(LAWFUEL) – For the first time the Australian Federal Police (AFP) will use youth-focused websites like MySpace and Facebook to promote its National Missing Persons Week advertising campaign.
The campaign begins this week with a series of broadcast and print advertisements and will go online at various websites including MySpace, Facebook, bebo, ninemsn, Messenger and Hotmail in an effort to connect with young people and to support those most at risk of going missing.
AFP National Missing Persons Coordination Centre Coordinator (NMPCC) Leonie Jacques outlined the importance of using the right communication channels to raise awareness of the issues associated with going missing.
“About 20,000 young people go missing each year and research indicates that they are predominantly female and aged between 13 and 17 years, so this year’s campaign aims to focus on this group by using a medium they identify with,” she said.
The Austereo Network radio program MyGeneration will also dedicate a two- hour show on Saturday, 2 August titled Lost & Found to support National Missing Persons Week and will feature interviews and songs related to this theme.
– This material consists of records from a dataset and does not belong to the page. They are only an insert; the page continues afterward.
(* For every $A\in\mathbb{C}^{m\times n}$ and every $\alpha_0,\beta_0\in(0,\tfrac{\pi}{2})$, $$\max_{z\in S^m_{\alpha_0}}\min_{w\in S^n_{\beta_0}}\mathrm{Re}(z^*Aw)=\min_{w\in S^n_{\beta_0}}\max_{z\in S^m_{\alpha_0}}\mathrm{Re}(z^*Aw),$$ i.e. $\underline v=\overline v$. Consequently every two-player zero-sum complex game $G_{\mathcal C}(A)$ has a complex Nash equilibrium in mixed complex strategies.
   Context: For $\gamma\in(0,\tfrac{\pi}{2})$ and $p\ge 1$ let $S^p_\gamma=\{z\in\mathbb{C}^p:\ \text{for each }k,\ z_k=0\text{ or }|\arg z_k|\le\gamma,\ \sum_{k=1}^p z_k=1\}$ ($\arg$ the principal argument in $(-\pi,\pi]$). The two-player zero-sum complex game $G_{\mathcal C}(A)$, for $A=(a_{ij})\in\mathbb{C}^{m\times n}$ and strategy arguments $\alpha_0,\beta_0\in(0,\tfrac{\pi}{2})$: player I chooses $z\in S^m_{\alpha_0}$, player II chooses $w\in S^n_{\beta_0}$, player I receives $\mathrm{Re}(z^*Aw)$ and player II receives $-\mathrm{Re}(z^*Aw)$, where $z^*$ is the conjugate transpose. A pair $(z^0,w^0)\in S^m_{\alpha_0}\times S^n_{\beta_0}$ is a complex Nash equilibrium if $\mathrm{Re}(z^*Aw^0)\le\mathrm{Re}((z^0)^*Aw^0)\le\mathrm{Re}((z^0)^*Aw)$ for all $z\in S^m_{\alpha_0}$, $w\in S^n_{\beta_0}$. *)

theory Defs
  imports "HOL-Analysis.Analysis"
begin

definition cstrat :: "real \<Rightarrow> (complex ^ 'p::finite) set" where
  "cstrat \<gamma> = {z. (\<forall>k. z $ k = 0 \<or> \<bar>Arg (z $ k)\<bar> \<le> \<gamma>) \<and> (\<Sum>k\<in>UNIV. z $ k) = 1}"

definition cpayoff :: "complex ^ 'n::finite ^ 'm::finite \<Rightarrow> complex ^ 'm \<Rightarrow> complex ^ 'n \<Rightarrow> real" where
  "cpayoff A z w = Re (\<Sum>i\<in>UNIV. \<Sum>j\<in>UNIV. cnj (z $ i) * A $ i $ j * w $ j)"

definition complex_nash :: "complex ^ 'n::finite ^ 'm::finite \<Rightarrow> real \<Rightarrow> real \<Rightarrow> complex ^ 'm \<Rightarrow> complex ^ 'n \<Rightarrow> bool" where
  "complex_nash A \<alpha>0 \<beta>0 z0 w0 \<longleftrightarrow> z0 \<in> cstrat \<alpha>0 \<and> w0 \<in> cstrat \<beta>0 \<and>
     (\<forall>z\<in>cstrat \<alpha>0. cpayoff A z w0 \<le> cpayoff A z0 w0) \<and>
     (\<forall>w\<in>cstrat \<beta>0. cpayoff A z0 w0 \<le> cpayoff A z0 w)"

end

theory Submission
  imports Defs
begin

text \<open>
  A complex strategy set is a slice of a product of closed convex sectors by the affine
  hyperplane \<open>\<Sum>k z\<^sub>k = 1\<close>, hence a nonempty compact convex subset of a Euclidean space,
  and the payoff \<open>Re (z\<^sup>* A w)\<close> is the real inner product \<open>z \<bullet> A w\<close>. For a bilinear payoff
  \<open>z \<bullet> L w\<close> on compact convex sets, a fixed point of the continuous map
  \<open>(z, w) \<mapsto> (\<pi>\<^sub>Z (z + L w), \<pi>\<^sub>W (w - L\<^sup>* z))\<close>, with \<open>\<pi>\<close> the nearest-point projections, is a saddle
  point by the variational characterisation of projections; Brouwer's theorem supplies it.
  A saddle point is a Nash equilibrium, and its payoff is both the lower and the upper value.
\<close>

definition cone_sector :: "real \<Rightarrow> complex set" where
  "cone_sector g = {c. 0 \<le> Re c \<and> \<bar>Im c\<bar> \<le> tan g * Re c}"

lemma abs_arctan_le_iff:
  assumes "0 < g" "g < pi/2"
  shows "\<bar>arctan y\<bar> \<le> g \<longleftrightarrow> \<bar>y\<bar> \<le> tan g"
proof -
  have g: "arctan (tan g) = g" using assms by (intro arctan_tan) auto
  then have "\<bar>arctan y\<bar> \<le> g \<longleftrightarrow> arctan (- tan g) \<le> arctan y \<and> arctan y \<le> arctan (tan g)"
    by (auto simp: arctan_minus)
  also have "\<dots> \<longleftrightarrow> \<bar>y\<bar> \<le> tan g" by (auto simp: arctan_le_iff)
  finally show ?thesis .
qed

lemma Arg_le_iff_in_cone_sector:
  assumes g: "0 < g" "g < pi/2"
  shows "c = 0 \<or> \<bar>Arg c\<bar> \<le> g \<longleftrightarrow> c \<in> cone_sector g"
proof (cases "Re c > 0")
  case True
  then have "\<bar>Arg c\<bar> \<le> g \<longleftrightarrow> \<bar>Im c\<bar> / Re c \<le> tan g"
    by (simp add: arg_conv_arctan abs_arctan_le_iff[OF g])
  with True show ?thesis by (auto simp: cone_sector_def divide_le_eq mult.commute)
next
  case False
  have "\<bar>Arg c\<bar> > g" if "c \<noteq> 0"
    using Arg_Re_pos[of c] False g that by linarith
  moreover have "c \<in> cone_sector g \<longleftrightarrow> c = 0"
    using False by (auto simp: cone_sector_def complex_eq_iff)
  ultimately show ?thesis by auto
qed

lemma convex_cone_sector: "convex (cone_sector g)"
proof (rule convexI)
  fix x y :: complex and u v :: real
  assume "x \<in> cone_sector g" "y \<in> cone_sector g" and uv: "0 \<le> u" "0 \<le> v" "u + v = 1"
  then have x: "0 \<le> Re x" "\<bar>Im x\<bar> \<le> tan g * Re x" and y: "0 \<le> Re y" "\<bar>Im y\<bar> \<le> tan g * Re y"
    by (auto simp: cone_sector_def)
  have "\<bar>u * Im x\<bar> \<le> u * (tan g * Re x)" "\<bar>v * Im y\<bar> \<le> v * (tan g * Re y)"
    using x y uv by (simp_all add: abs_mult mult_left_mono)
  then have "\<bar>u * Im x + v * Im y\<bar> \<le> tan g * (u * Re x + v * Re y)"
    by (smt (verit) abs_triangle_ineq distrib_left mult.left_commute)
  then show "u *\<^sub>R x + v *\<^sub>R y \<in> cone_sector g"
    using x y uv by (simp add: cone_sector_def)
qed

lemma closed_cone_sector: "closed (cone_sector g)"
  unfolding cone_sector_def
  by (intro closed_Collect_conj closed_Collect_le continuous_intros)

lemma cstrat_conv_cone_sector:
  assumes "0 < g" "g < pi/2"
  shows "cstrat g = {z :: complex ^ 'p::finite. (\<forall>k. z $ k \<in> cone_sector g) \<and> (\<Sum>k\<in>UNIV. z $ k) = 1}"
  unfolding cstrat_def using Arg_le_iff_in_cone_sector[OF assms] by auto

lemma norm_le_in_cone_sector:
  assumes "c \<in> cone_sector g"
  shows "norm c \<le> (1 + tan g) * Re c"
proof -
  have "norm c \<le> \<bar>Re c\<bar> + \<bar>Im c\<bar>" by (rule cmod_le)
  then show ?thesis using assms by (simp add: cone_sector_def algebra_simps)
qed

lemma bounded_cstrat:
  assumes "0 < g" "g < pi/2"
  shows "bounded (cstrat g :: (complex ^ 'p::finite) set)"
proof -
  have "norm z \<le> 1 + tan g" if "z \<in> cstrat g" for z :: "complex ^ 'p"
  proof -
    from that have z: "\<And>k. z $ k \<in> cone_sector g" "(\<Sum>k\<in>UNIV. z $ k) = 1"
      by (auto simp: cstrat_conv_cone_sector[OF assms])
    have "norm z \<le> (\<Sum>k\<in>UNIV. norm (z $ k))"
      by (simp add: norm_vec_def L2_set_le_sum)
    also have "\<dots> \<le> (\<Sum>k\<in>UNIV. (1 + tan g) * Re (z $ k))"
      by (intro sum_mono norm_le_in_cone_sector z)
    also have "\<dots> = (1 + tan g) * Re (\<Sum>k\<in>UNIV. z $ k)"
      by (simp add: sum_distrib_left Re_sum)
    finally show ?thesis using z(2) by simp
  qed
  then show ?thesis by (auto simp: bounded_iff)
qed

lemma closed_cstrat:
  assumes "0 < g" "g < pi/2"
  shows "closed (cstrat g :: (complex ^ 'p::finite) set)"
proof -
  have "closed ((\<lambda>z :: complex ^ 'p. z $ k) -` cone_sector g)" for k
    by (intro closed_vimage closed_cone_sector continuous_intros)
  then show ?thesis
    unfolding cstrat_conv_cone_sector[OF assms] vimage_def
    by (intro closed_Collect_conj closed_Collect_all closed_Collect_eq continuous_intros)
qed

lemma compact_cstrat:
  assumes "0 < g" "g < pi/2"
  shows "compact (cstrat g :: (complex ^ 'p::finite) set)"
  using closed_cstrat[OF assms] bounded_cstrat[OF assms] by (simp add: compact_eq_bounded_closed)

lemma convex_cstrat:
  assumes "0 < g" "g < pi/2"
  shows "convex (cstrat g :: (complex ^ 'p::finite) set)"
proof (rule convexI)
  note cstrat_eq = cstrat_conv_cone_sector[OF assms]
  fix x y :: "complex ^ 'p" and u v :: real
  assume "x \<in> cstrat g" "y \<in> cstrat g" and uv: "0 \<le> u" "0 \<le> v" "u + v = 1"
  then have x: "\<And>k. x $ k \<in> cone_sector g" "(\<Sum>k\<in>UNIV. x $ k) = 1"
    and y: "\<And>k. y $ k \<in> cone_sector g" "(\<Sum>k\<in>UNIV. y $ k) = 1"
    by (auto simp: cstrat_eq)
  have "(u *\<^sub>R x + v *\<^sub>R y) $ k \<in> cone_sector g" for k
    using convexD[OF convex_cone_sector x(1) y(1) uv] by simp
  moreover have "(\<Sum>k\<in>UNIV. (u *\<^sub>R x + v *\<^sub>R y) $ k) = 1"
    using x(2) y(2) uv by (simp add: sum.distrib flip: scaleR_sum_right scaleR_add_left)
  ultimately show "u *\<^sub>R x + v *\<^sub>R y \<in> cstrat g" by (simp add: cstrat_eq)
qed

lemma cstrat_nonempty:
  assumes "0 < g" "g < pi/2"
  shows "cstrat g \<noteq> ({} :: (complex ^ 'p::finite) set)"
proof -
  have "(\<chi> k. complex_of_real (1 / real CARD('p))) \<in> (cstrat g :: (complex ^ 'p) set)"
    using assms by (simp add: cstrat_conv_cone_sector cone_sector_def tan_pos_pi2_le)
  then show ?thesis by blast
qed

lemma cpayoff_eq_inner: "cpayoff A z w = z \<bullet> (A *v w)"
proof -
  have "cpayoff A z w = Re (\<Sum>i\<in>UNIV. cnj (z $ i) * (A *v w) $ i)"
    by (simp add: cpayoff_def matrix_vector_mult_def sum_distrib_left mult.assoc)
  then show ?thesis by (simp add: inner_vec_def inner_complex_def Re_sum)
qed

lemma linear_saddle_point_exists:
  fixes L :: "'b::euclidean_space \<Rightarrow> 'a::euclidean_space"
  assumes L: "linear L"
    and Z: "compact Z" "convex Z" "Z \<noteq> {}" and W: "compact W" "convex W" "W \<noteq> {}"
  obtains z0 w0 where "z0 \<in> Z" "w0 \<in> W"
    "\<And>z. z \<in> Z \<Longrightarrow> z \<bullet> L w0 \<le> z0 \<bullet> L w0"
    "\<And>w. w \<in> W \<Longrightarrow> z0 \<bullet> L w0 \<le> z0 \<bullet> L w"
proof -
  have "closed Z" "closed W" using Z W by (simp_all add: compact_imp_closed)
  define F where "F p = (closest_point Z (fst p + L (snd p)),
                         closest_point W (snd p - adjoint L (fst p)))" for p :: "'a \<times> 'b"
  have cont_L: "continuous_on S L" for S
    using L by (simp add: linear_continuous_on linear_conv_bounded_linear)
  have cont_adjoint: "continuous_on S (adjoint L)" for S
    using adjoint_linear[OF L] by (simp add: linear_continuous_on linear_conv_bounded_linear)
  have "continuous_on (Z \<times> W) F"
    unfolding F_def
    by (intro continuous_on_Pair continuous_intros
        continuous_on_compose2[OF continuous_on_closest_point[OF Z(2) \<open>closed Z\<close> Z(3)]]
        continuous_on_compose2[OF continuous_on_closest_point[OF W(2) \<open>closed W\<close> W(3)]]
        continuous_on_compose2[OF cont_L] continuous_on_compose2[OF cont_adjoint]) auto
  moreover have "F \<in> Z \<times> W \<rightarrow> Z \<times> W"
    using closest_point_in_set[OF \<open>closed Z\<close> Z(3)] closest_point_in_set[OF \<open>closed W\<close> W(3)]
    by (auto simp: F_def)
  ultimately obtain p where "p \<in> Z \<times> W" "F p = p"
    using brouwer[OF compact_Times[OF Z(1) W(1)] convex_Times[OF Z(2) W(2)]] Z(3) W(3) by blast
  then obtain z0 w0 where zw0: "z0 \<in> Z" "w0 \<in> W" "F (z0, w0) = (z0, w0)"
    by (cases p) auto
  then have fix_z: "closest_point Z (z0 + L w0) = z0"
    and fix_w: "closest_point W (w0 - adjoint L z0) = w0"
    by (simp_all add: F_def)
  show thesis
  proof (rule that[OF zw0(1,2)])
    fix z assume "z \<in> Z"
    from closest_point_dot[OF Z(2) \<open>closed Z\<close> this, of "z0 + L w0"]
    show "z \<bullet> L w0 \<le> z0 \<bullet> L w0"
      by (simp add: fix_z inner_diff_right inner_commute)
  next
    fix w assume "w \<in> W"
    from closest_point_dot[OF W(2) \<open>closed W\<close> this, of "w0 - adjoint L z0"]
    show "z0 \<bullet> L w0 \<le> z0 \<bullet> L w"
      by (simp add: fix_w inner_diff_right adjoint_clauses[OF L])
  qed
qed

lemma saddle_point_value:
  fixes f :: "'a \<Rightarrow> 'b \<Rightarrow> real"
  assumes "z0 \<in> Z" "w0 \<in> W"
    and saddle_z: "\<And>z. z \<in> Z \<Longrightarrow> f z w0 \<le> f z0 w0"
    and saddle_w: "\<And>w. w \<in> W \<Longrightarrow> f z0 w0 \<le> f z0 w"
    and bdd_w: "\<And>z. z \<in> Z \<Longrightarrow> bdd_below (f z ` W)"
    and bdd_z: "\<And>w. w \<in> W \<Longrightarrow> bdd_above ((\<lambda>z. f z w) ` Z)"
  shows "\<forall>z\<in>Z. (INF w\<in>W. f z w) \<le> (INF w\<in>W. f z0 w)"
    and "\<forall>w\<in>W. (SUP z\<in>Z. f z w0) \<le> (SUP z\<in>Z. f z w)"
    and "(SUP z\<in>Z. INF w\<in>W. f z w) = f z0 w0"
    and "(INF w\<in>W. SUP z\<in>Z. f z w) = f z0 w0"
proof -
  have inf_z0: "(INF w\<in>W. f z0 w) = f z0 w0"
    by (rule cInf_eq_minimum) (use assms in auto)
  have sup_w0: "(SUP z\<in>Z. f z w0) = f z0 w0"
    by (rule cSup_eq_maximum) (use assms in auto)
  have inf_le: "(INF w\<in>W. f z w) \<le> f z0 w0" if "z \<in> Z" for z
    using cINF_lower[OF bdd_w[OF that] \<open>w0 \<in> W\<close>] saddle_z[OF that] by linarith
  have sup_ge: "f z0 w0 \<le> (SUP z\<in>Z. f z w)" if "w \<in> W" for w
    using cSUP_upper[OF \<open>z0 \<in> Z\<close> bdd_z[OF that]] saddle_w[OF that] by linarith
  show "\<forall>z\<in>Z. (INF w\<in>W. f z w) \<le> (INF w\<in>W. f z0 w)"
    using inf_le by (simp add: inf_z0)
  show "\<forall>w\<in>W. (SUP z\<in>Z. f z w0) \<le> (SUP z\<in>Z. f z w)"
    using sup_ge by (simp add: sup_w0)
  show "(SUP z\<in>Z. INF w\<in>W. f z w) = f z0 w0"
    by (rule cSup_eq_maximum) (auto intro!: image_eqI[where x = z0] simp: inf_z0 inf_le \<open>z0 \<in> Z\<close>)
  show "(INF w\<in>W. SUP z\<in>Z. f z w) = f z0 w0"
    by (rule cInf_eq_minimum) (auto intro!: image_eqI[where x = w0] simp: sup_w0 sup_ge \<open>w0 \<in> W\<close>)
qed

theorem theorem5p2:
  fixes A :: "complex ^ 'n::finite ^ 'm::finite" and \<alpha>0 \<beta>0 :: real
  assumes "0 < \<alpha>0" "\<alpha>0 < pi / 2" "0 < \<beta>0" "\<beta>0 < pi / 2"
  shows
    "(\<forall>z\<in>cstrat \<alpha>0. \<exists>w0\<in>cstrat \<beta>0. \<forall>w\<in>cstrat \<beta>0. cpayoff A z w0 \<le> cpayoff A z w)
   \<and> (\<forall>w\<in>cstrat \<beta>0. \<exists>z0\<in>cstrat \<alpha>0. \<forall>z\<in>cstrat \<alpha>0. cpayoff A z w \<le> cpayoff A z0 w)
   \<and> (\<exists>z0\<in>cstrat \<alpha>0. \<forall>z\<in>cstrat \<alpha>0.
         (INF w\<in>cstrat \<beta>0. cpayoff A z w) \<le> (INF w\<in>cstrat \<beta>0. cpayoff A z0 w))
   \<and> (\<exists>w0\<in>cstrat \<beta>0. \<forall>w\<in>cstrat \<beta>0.
         (SUP z\<in>cstrat \<alpha>0. cpayoff A z w0) \<le> (SUP z\<in>cstrat \<alpha>0. cpayoff A z w))
   \<and> (SUP z\<in>cstrat \<alpha>0. INF w\<in>cstrat \<beta>0. cpayoff A z w)
       = (INF w\<in>cstrat \<beta>0. SUP z\<in>cstrat \<alpha>0. cpayoff A z w)
   \<and> (\<exists>z0 w0. complex_nash A \<alpha>0 \<beta>0 z0 w0)"
proof -
  let ?Z = "cstrat \<alpha>0 :: (complex ^ 'm) set" and ?W = "cstrat \<beta>0 :: (complex ^ 'n) set"
  have Z: "compact ?Z" "convex ?Z" "?Z \<noteq> {}" and W: "compact ?W" "convex ?W" "?W \<noteq> {}"
    using assms by (simp_all add: compact_cstrat convex_cstrat cstrat_nonempty)
  have cont_w: "continuous_on ?W (cpayoff A z)" and cont_z: "continuous_on ?Z (\<lambda>z. cpayoff A z w)"
    for z w by (simp_all add: cpayoff_eq_inner continuous_intros)
  obtain z0 w0 where zw0: "z0 \<in> ?Z" "w0 \<in> ?W"
    and saddle: "\<And>z. z \<in> ?Z \<Longrightarrow> cpayoff A z w0 \<le> cpayoff A z0 w0"
                "\<And>w. w \<in> ?W \<Longrightarrow> cpayoff A z0 w0 \<le> cpayoff A z0 w"
    using linear_saddle_point_exists[OF matrix_vector_mul_linear Z W]
    unfolding cpayoff_eq_inner by metis
  then have "complex_nash A \<alpha>0 \<beta>0 z0 w0"
    by (simp add: complex_nash_def)
  moreover have bdd: "bdd_below (cpayoff A z ` ?W)" "bdd_above ((\<lambda>z. cpayoff A z w) ` ?Z)" for z w
    by (simp_all add: bounded_imp_bdd_below bounded_imp_bdd_above compact_imp_bounded
        compact_continuous_image Z(1) W(1) cont_w cont_z)
  ultimately show ?thesis
    using saddle_point_value[where f = "cpayoff A", OF zw0 saddle bdd] zw0
      continuous_attains_inf[OF W(1,3) cont_w] continuous_attains_sup[OF Z(1,3) cont_z]
    by metis
qed

end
The advertising campaign will include television and radio community service announcements as well as advertisements on buses and trams.
It will be supported by advertising on Foxtel and Channel Nine, which currently profile missing persons cases through the Crime and Investigation Network, Missing Persons Unit and Without a Trace television series.
National Missing Persons Week will run from Sunday 3 to Saturday 9, August 2008 and young people and their parents will be asked not to close the door to communication with the message ‘When communication goes missing, so do our youth. Don’t close the door to communication’.